Moreover, even if Newton mandated the ALJ to include limitations in her RFC
assessment related to her step-three finding of moderate limitations in concentration,
persistence, or pace, limiting Mangano to “simple, routine work with simple
instructions” is sufficient. The Eighth Circuit has recognized that the RFC assessment
“need not contain much more than [that] at issue in Newton” to sufficiently capture a
claimant’s limitations in concentration, persistence, or pace. Scott v. Berryhill, 855 F.3d
853, 857 (8th Cir. 2017). For example, the Eighth Circuit has held sufficient under
Newton an RFC assessment that limited the claimant to “simple, repetitive, routine
tasks.” Howard v. Massanari, 255 F.3d 577, 582 (8th Cir. 2001). Here, the ALJ’s RFC
assessment adequately accounted for the ALJ’s step-three finding of moderate limitations
in concentration, persistence, or pace.

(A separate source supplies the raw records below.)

text \<open>Only the first factor is free: the others are chosen proportional to \<open>s i\<close>, which
  makes \<open>\<Sum>i<q. p i\<close> the function \<open>a\<^sup>2/x + R\<^sup>2/(F - x)\<close> of \<open>x = f 0\<close>; it tends to
  \<open>\<infinity>\<close> as \<open>x \<rightarrow> 0\<close> and attains its minimum \<open>(\<Sum>i<q. s i)\<^sup>2/F \<le> P\<close>, so it takes the
  value \<open>P\<close> by the intermediate value theorem.\<close>
lemma exists_factors_with_products:
  fixes s :: "nat \<Rightarrow> real"
  assumes q: "2 \<le> q" and F: "0 < F" and P: "0 < P" and s: "\<forall>i<q. 0 < s i"
    and sum_sq: "(\<Sum>i<q. s i)\<^sup>2 \<le> F * P"
  obtains f p where "\<forall>i<q. 0 < f i \<and> 0 < p i" "\<forall>i<q. f i * p i = (s i)\<^sup>2"
    "(\<Sum>i<q. f i) = F" "(\<Sum>i<q. p i) = P"
proof -
  obtain r where r: "q = Suc r" "0 < r" using q by (cases q) auto
  define a where "a = s 0"
  define R where "R = (\<Sum>i<r. s (Suc i))"
  have a: "0 < a" using s r by (simp add: a_def)
  have R: "0 < R" unfolding R_def using s r by (intro sum_pos) auto
  have shift: "(\<Sum>i<q. h i) = h 0 + (\<Sum>i<r. h (Suc i))" for h :: "nat \<Rightarrow> real"
    unfolding r by (rule sum.lessThan_Suc_shift)
  have sum_s: "(\<Sum>i<q. s i) = a + R" by (simp add: shift a_def R_def)
  define g where "g x = a\<^sup>2 / x + R\<^sup>2 / (F - x)" for x
  define x1 where "x1 = F * a / (a + R)"
  define x0 where "x0 = min x1 (a\<^sup>2 / P)"
  have x1: "0 < x1" "x1 < F" using a R F by (auto simp: x1_def field_simps)
  have x0: "0 < x0" "x0 \<le> x1" using x1 a P by (auto simp: x0_def)
  have "g x1 = (a + R)\<^sup>2 / F"
    using a R F by (simp add: g_def x1_def field_simps power2_eq_square)
  then have "g x1 \<le> P" using sum_sq F by (simp add: sum_s divide_le_eq mult.commute)
  moreover have "P \<le> g x0"
  proof -
    have "x0 \<le> a\<^sup>2 / P" by (simp add: x0_def)
    then have "P \<le> a\<^sup>2 / x0" using x0 P by (simp add: le_divide_eq field_simps)
    moreover have "0 < R\<^sup>2 / (F - x0)" using x0 x1 R by simp
    ultimately show ?thesis by (simp add: g_def)
  qed
  moreover have "\<forall>x. x0 \<le> x \<and> x \<le> x1 \<longrightarrow> isCont g x"
    using x0 x1 unfolding g_def by (intro allI impI continuous_intros) auto
  ultimately obtain x where x: "x0 \<le> x" "x \<le> x1" "g x = P"
    using IVT2[of g x1 P x0] x0 by blast
  define f where "f i = (if i = 0 then x else (F - x) * s i / R)" for i
  define p where "p i = (s i)\<^sup>2 / f i" for i
  have f: "\<forall>i<q. 0 < f i" using x x0 x1 s R by (simp add: f_def)
  show thesis
  proof
    show "\<forall>i<q. 0 < f i \<and> 0 < p i" using f s by (auto simp: p_def)
    show "\<forall>i<q. f i * p i = (s i)\<^sup>2" using f by (auto simp: p_def)
    show "(\<Sum>i<q. f i) = F"
      using R by (simp add: shift f_def flip: sum_divide_distrib sum_distrib_left R_def)
    have "p (Suc i) = s (Suc i) * R / (F - x)" if "i < r" for i
      using s that r R by (simp add: p_def f_def power2_eq_square)
    then have "(\<Sum>i<q. p i) = a\<^sup>2 / x + (\<Sum>i<r. s (Suc i)) * R / (F - x)"
      by (simp add: shift p_def f_def a_def sum_divide_distrib sum_distrib_right)
    also have "\<dots> = g x" by (simp add: g_def R_def power2_eq_square)
    finally show "(\<Sum>i<q. p i) = P" using x by simp
  qed
qed

lemma feasible_sums_as_sum_squares:
  assumes "x \<in> feasible_sums q F P m"
  obtains s where "\<forall>i<q. 0 \<le> s i \<and> s i \<le> sqrt m" "(\<Sum>i<q. s i) \<le> sqrt (F * P)"
    "x = (\<Sum>i<q. (s i)\<^sup>2)"
proof -
  obtain f p where pos: "\<forall>i<q. 0 < f i \<and> 0 < p i" and F: "(\<Sum>i<q. f i) = F"
    and P: "(\<Sum>i<q. p i) = P" and desc: "\<forall>i. Suc i < q \<longrightarrow> f (Suc i) * p (Suc i) \<le> f i * p i"
    and first: "f 0 * p 0 \<le> m" and x: "x = (\<Sum>i<q. f i * p i)"
    using assms unfolding feasible_sums_def by blast
  show thesis
  proof
    show "\<forall>i<q. 0 \<le> sqrt (f i * p i) \<and> sqrt (f i * p i) \<le> sqrt m"
      using descending_le_first[OF desc] first pos by (auto intro: order_trans)
    show "(\<Sum>i<q. sqrt (f i * p i)) \<le> sqrt (F * P)"
      unfolding F[symmetric] P[symmetric] using pos by (intro sum_sqrt_mult_le) auto
    show "x = (\<Sum>i<q. (sqrt (f i * p i))\<^sup>2)"
      unfolding x using pos by (intro sum.cong) auto
  qed
qed

lemma sum_squares_in_feasible_sums:
  fixes s :: "nat \<Rightarrow> real"
  assumes "2 \<le> q" "0 < F" "0 < P" and s: "\<forall>i<q. 0 < s i" and "(\<Sum>i<q. s i)\<^sup>2 \<le> F * P"
    and desc: "\<forall>i. Suc i < q \<longrightarrow> s (Suc i) \<le> s i" and first: "s 0 \<le> sqrt m"
  shows "(\<Sum>i<q. (s i)\<^sup>2) \<in> feasible_sums q F P m"
proof -
  obtain f p where "\<forall>i<q. 0 < f i \<and> 0 < p i" and fp: "\<forall>i<q. f i * p i = (s i)\<^sup>2"
    and "(\<Sum>i<q. f i) = F" "(\<Sum>i<q. p i) = P"
    using exists_factors_with_products assms by metis
  moreover have "\<forall>i. Suc i < q \<longrightarrow> f (Suc i) * p (Suc i) \<le> f i * p i"
  proof (intro allI impI)
    fix i assume i: "Suc i < q"
    then have "(s (Suc i))\<^sup>2 \<le> (s i)\<^sup>2" using s desc by (intro power_mono) auto
    then show "f (Suc i) * p (Suc i) \<le> f i * p i" using fp i by simp
  qed
  moreover have "f 0 * p 0 \<le> m"
  proof -
    have "0 < s 0" using s assms(1) by simp
    then have "(s 0)\<^sup>2 \<le> (sqrt m)\<^sup>2" using first by (intro power_mono) auto
    moreover have "0 < m" using first \<open>0 < s 0\<close> by (metis less_le_trans real_sqrt_gt_0_iff)
    ultimately show ?thesis using fp assms(1) by simp
  qed
  moreover have "(\<Sum>i<q. (s i)\<^sup>2) = (\<Sum>i<q. f i * p i)" using fp by simp
  ultimately show ?thesis unfolding feasible_sums_def by blast
qed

See Henderson v. Berryhill, No. 4:15 CV 1624
JMB, 2017 WL 747611, at *8, *10 (E.D. Mo. Feb. 27, 2017) (rejecting claimant’s
13
argument that “limiting [p]laintiff to simple, routine work . . . does not sufficiently
account for [claimant’s] moderate limitations in concentration, persistence, or pace”).
The ALJ did not err in determining Mangano’s RFC.
III.
CONCLUSION
I find the ALJ properly weighed the medical opinions and made a proper RFC
determination based on limitations that are supported by the record, and therefore the
ALJ’s decision is supported by substantial evidence. The ALJ’s decision is affirmed.
Judgment shall enter in favor of the Commissioner and against Magano.
IT IS SO ORDERED this 28th day of September, 2017.